Мы ничего не знаем о тех чувствах и мыслях, которые посещали Клеопатру в первые часы недостойного бегства ее отца. Тогда вряд ли кто-то обращал внимание на душевное состояние тринадцатилетней царевны, пусть даже и подающей надежды; ни в одном тексте не осталось свидетельств и о том, что впоследствии она хоть что-то говорила на эту тему. И тем не менее можно не сомневаться, что в тот день жгучего стыда она поняла одну элементарную истину: чтобы заставить римлянина отступить, требуется нечто большее, чем дохлая кошка.
ВРЕМЯ ЗАТМЕНИЯ
(58–55 гг. до н. э.)
Мы не знаем, что происходило в это время с Клеопатрой: оставалась ли она в самом сердце того хаоса, который воцарился в Египте, или последовала за отцом и была свидетельницей всего, что стало результатом его бегства, — невероятной череды промахов, обманов, унижений и махинаций. От ее тогдашней жизни не сохранилось никаких следов. Юная звезда как бы растворилась в пустоте и была незримой до того момента, когда ей исполнилось пятнадцать лет.
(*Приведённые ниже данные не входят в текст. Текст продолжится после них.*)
(* Suppose that the "bounded polynomials have influential variables" conjecture (stated in the context) holds, and let $\varepsilon,\delta>0$. Then given any quantum algorithm $Q$ that makes $T$ queries to a Boolean input $X\in\{0,1\}^N$, there exists a deterministic classical algorithm that makes $\mathrm{poly}(T,1/\varepsilon,1/\delta)$ queries, and that approximates $Q$'s acceptance probability to within an additive constant $\varepsilon$ on a $1-\delta$ fraction of inputs $X\in\{0,1\}^N$.
   Context: For a real polynomial $p:\mathbb{R}^N\to\mathbb{R}$ and $X\in\{0,1\}^N$, let $X^i$ denote $X$ with the $i$-th bit flipped. Define the $L_1$-variance $\mathrm{Vr}[p]:=\mathrm{E}_{X,Y\in\{0,1\}^N}[|p(X)-p(Y)|]$ and the influence of the $i$-th variable $\mathrm{Inf}_i[p]:=\mathrm{E}_{X\in\{0,1\}^N}[|p(X)-p(X^i)|]$. The conjecture ("bounded polynomials have influential variables"): for every polynomial $p:\mathbb{R}^N\to\mathbb{R}$ of degree $d$ such that $0\le p(X)\le 1$ for all $X\in\{0,1\}^N$ and $\mathrm{Vr}[p]\ge\varepsilon$, there exists an $i\in[N]$ such that $\mathrm{Inf}_i[p]\ge(\varepsilon/d)^{O(1)}$. *)

theory Defs
  imports Complex_Main
begin

text \<open>Points of R^N are functions nat => real (coordinates 0..N-1; the others are ignored /
  set to 0 on the cube). The Boolean cube {0,1}^N.\<close>
definition cube :: "nat \<Rightarrow> (nat \<Rightarrow> real) set" where
  "cube N = {x. (\<forall>i<N. x i = 0 \<or> x i = 1) \<and> (\<forall>i\<ge>N. x i = 0)}"

definition flip :: "nat \<Rightarrow> (nat \<Rightarrow> real) \<Rightarrow> (nat \<Rightarrow> real)" where
  "flip i x = x(i := 1 - x i)"

definition is_poly :: "nat \<Rightarrow> nat \<Rightarrow> ((nat \<Rightarrow> real) \<Rightarrow> real) \<Rightarrow> bool" where
  "is_poly N d p \<longleftrightarrow> (\<exists>A :: (nat \<Rightarrow> nat) set. \<exists>c :: (nat \<Rightarrow> nat) \<Rightarrow> real.
      finite A \<and> (\<forall>\<alpha>\<in>A. (\<forall>i\<ge>N. \<alpha> i = 0) \<and> (\<Sum>i<N. \<alpha> i) \<le> d) \<and>
      (\<forall>x. p x = (\<Sum>\<alpha>\<in>A. c \<alpha> * (\<Prod>i<N. x i ^ \<alpha> i))))"

definition Vr :: "nat \<Rightarrow> ((nat \<Rightarrow> real) \<Rightarrow> real) \<Rightarrow> real" where
  "Vr N p = (\<Sum>x\<in>cube N. \<Sum>y\<in>cube N. \<bar>p x - p y\<bar>) / (2 ^ N * 2 ^ N)"

definition Inf :: "nat \<Rightarrow> nat \<Rightarrow> ((nat \<Rightarrow> real) \<Rightarrow> real) \<Rightarrow> real" where
  "Inf N i p = (\<Sum>x\<in>cube N. \<bar>p x - p (flip i x)\<bar>) / 2 ^ N"

definition bpiv_conjecture :: bool where
  "bpiv_conjecture \<longleftrightarrow> (\<exists>c::real > 0. \<forall>N d p \<epsilon>.
      d \<ge> 1 \<longrightarrow> \<epsilon> > 0 \<longrightarrow> is_poly N d p \<longrightarrow>
      (\<forall>x\<in>cube N. 0 \<le> p x \<and> p x \<le> 1) \<longrightarrow> Vr N p \<ge> \<epsilon> \<longrightarrow>
      (\<exists>i<N. Inf N i p \<ge> (\<epsilon> / real d) powr c))"

text \<open>Computational basis: pairs (i, w), i in {0..N} the query register (i = 0 is the
  null query, i >= 1 queries bit x_(i-1)), w in {0..<M} the workspace.\<close>
definition qbasis :: "nat \<Rightarrow> nat \<Rightarrow> (nat \<times> nat) set" where
  "qbasis N M = {0..N} \<times> {0..<M}"

type_synonym qstate = "nat \<times> nat \<Rightarrow> complex"
type_synonym qop = "nat \<times> nat \<Rightarrow> nat \<times> nat \<Rightarrow> complex"

definition unitary_on :: "(nat \<times> nat) set \<Rightarrow> qop \<Rightarrow> bool" where
  "unitary_on B U \<longleftrightarrow> (\<forall>a\<in>B. \<forall>b\<in>B.
      (\<Sum>k\<in>B. cnj (U k a) * U k b) = (if a = b then 1 else 0))"

definition apply_op :: "(nat \<times> nat) set \<Rightarrow> qop \<Rightarrow> qstate \<Rightarrow> qstate" where
  "apply_op B U v = (\<lambda>a. \<Sum>b\<in>B. U a b * v b)"

definition query_op :: "nat \<Rightarrow> (nat \<Rightarrow> real) \<Rightarrow> qstate \<Rightarrow> qstate" where
  "query_op N x v = (\<lambda>(i, w). if 1 \<le> i \<and> i \<le> N \<and> x (i - 1) = 1 then - v (i, w) else v (i, w))"

primrec qrun :: "nat \<Rightarrow> nat \<Rightarrow> (nat \<Rightarrow> qop) \<Rightarrow> (nat \<Rightarrow> real) \<Rightarrow> nat \<Rightarrow> qstate" where
  "qrun N M Us x 0 = apply_op (qbasis N M) (Us 0) (\<lambda>a. if a = (0, 0) then 1 else 0)"
| "qrun N M Us x (Suc t) = apply_op (qbasis N M) (Us (Suc t)) (query_op N x (qrun N M Us x t))"

definition acc_prob :: "nat \<Rightarrow> nat \<Rightarrow> (nat \<Rightarrow> qop) \<Rightarrow> (nat \<times> nat) set \<Rightarrow> nat \<Rightarrow> (nat \<Rightarrow> real) \<Rightarrow> real" where
  "acc_prob N M Us Acc T x = (\<Sum>a\<in>Acc. (cmod (qrun N M Us x T a))\<^sup>2)"

datatype dtree = Leaf real | Query nat dtree dtree

fun dt_eval :: "dtree \<Rightarrow> (nat \<Rightarrow> real) \<Rightarrow> real" where
  "dt_eval (Leaf r) x = r"
| "dt_eval (Query i t0 t1) x = (if x i = 0 then dt_eval t0 x else dt_eval t1 x)"

fun dt_depth :: "dtree \<Rightarrow> nat" where
  "dt_depth (Leaf r) = 0"
| "dt_depth (Query i t0 t1) = Suc (max (dt_depth t0) (dt_depth t1))"

end

theory Submission
  imports Defs "HOL-Analysis.Convex" "HOL-Library.Indicator_Function"
begin

text \<open>The acceptance probability \<open>f\<close> of a \<open>T\<close>-query algorithm agrees on the cube with a
  multilinear polynomial of degree at most \<open>2T\<close> with values in \<open>[0,1]\<close> (each query contributes a
  factor of degree one to the amplitudes), and so does each restriction of \<open>f\<close> to a subcube.
  The classical algorithm walks down a decision tree. On the current subcube it outputs the mean of
  \<open>f\<close> if the \<open>L\<^sub>1\<close>-variance there is below \<open>\<epsilon>\<delta>/2\<close>; by Markov's inequality the mean is then
  \<open>\<epsilon>\<close>-close to \<open>f\<close> on all but a \<open>\<delta>/2\<close> fraction of the subcube. Otherwise the conjecture provides
  a variable of influence at least \<open>\<tau> = (\<epsilon>\<delta>/(2(2T+1)))^c\<close> on the subcube, which is queried next.
  By Cauchy-Schwarz each such query uses up at least \<open>\<tau>\<^sup>2\<close> times the size of the subcube of the
  energy \<open>\<Sum>\<^sub>k \<Sum>\<^sub>x (f x - f x\<^sup>k)\<^sup>2\<close>, which by Parseval is at most \<open>4(2T+1)2\<^sup>N\<close> in total.
  Hence after \<open>O(T/(\<tau>\<^sup>2\<delta>))\<close> levels at most a \<open>\<delta>/2\<close> fraction of the inputs lies in subcubes that
  still have large variance.\<close>

section \<open>Parities and Fourier degree\<close>

lemma cube_eq_indicator_image: "cube N = (\<lambda>S. indicator S :: nat \<Rightarrow> real) ` Pow {..<N}"
proof
  show "cube N \<subseteq> (\<lambda>S. indicator S) ` Pow {..<N}"
  proof
    fix x assume x: "x \<in> cube N"
    have "x = indicator {i. i < N \<and> x i = 1}"
      using x unfolding cube_def by (auto simp: fun_eq_iff indicator_def) (metis not_le)
    then show "x \<in> (\<lambda>S. indicator S) ` Pow {..<N}" by blast
  qed
  show "(\<lambda>S. indicator S) ` Pow {..<N} \<subseteq> cube N" by (auto simp: cube_def indicator_def)
qed

lemma finite_cube [simp]: "finite (cube N)"
  by (simp add: cube_eq_indicator_image)

lemma card_cube: "card (cube N) = 2 ^ N"
proof -
  have "inj_on (\<lambda>S. indicator S :: nat \<Rightarrow> real) (Pow {..<N})"
    by (rule inj_onI) (metis indicator_eq_0_iff indicator_eq_1_iff subsetI subset_antisym zero_neq_one)
  then show ?thesis by (simp add: cube_eq_indicator_image card_image card_Pow)
qed

lemma cube_coord_01: "x \<in> cube N \<Longrightarrow> x i = 0 \<or> x i = 1"
  unfolding cube_def by (cases "i < N") auto

lemma flip_in_cube: "x \<in> cube N \<Longrightarrow> j < N \<Longrightarrow> flip j x \<in> cube N"
  unfolding cube_def flip_def by auto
А между тем события вокруг нее развивались все более стремительно и, очевидно, не могли не оказывать решающего влияния на ее поведение. Она, конечно, не переставала размышлять о них, извлекать из них уроки. Что именно творилось у нее в голове, с точностью установить невозможно; нам остается лишь строить догадки.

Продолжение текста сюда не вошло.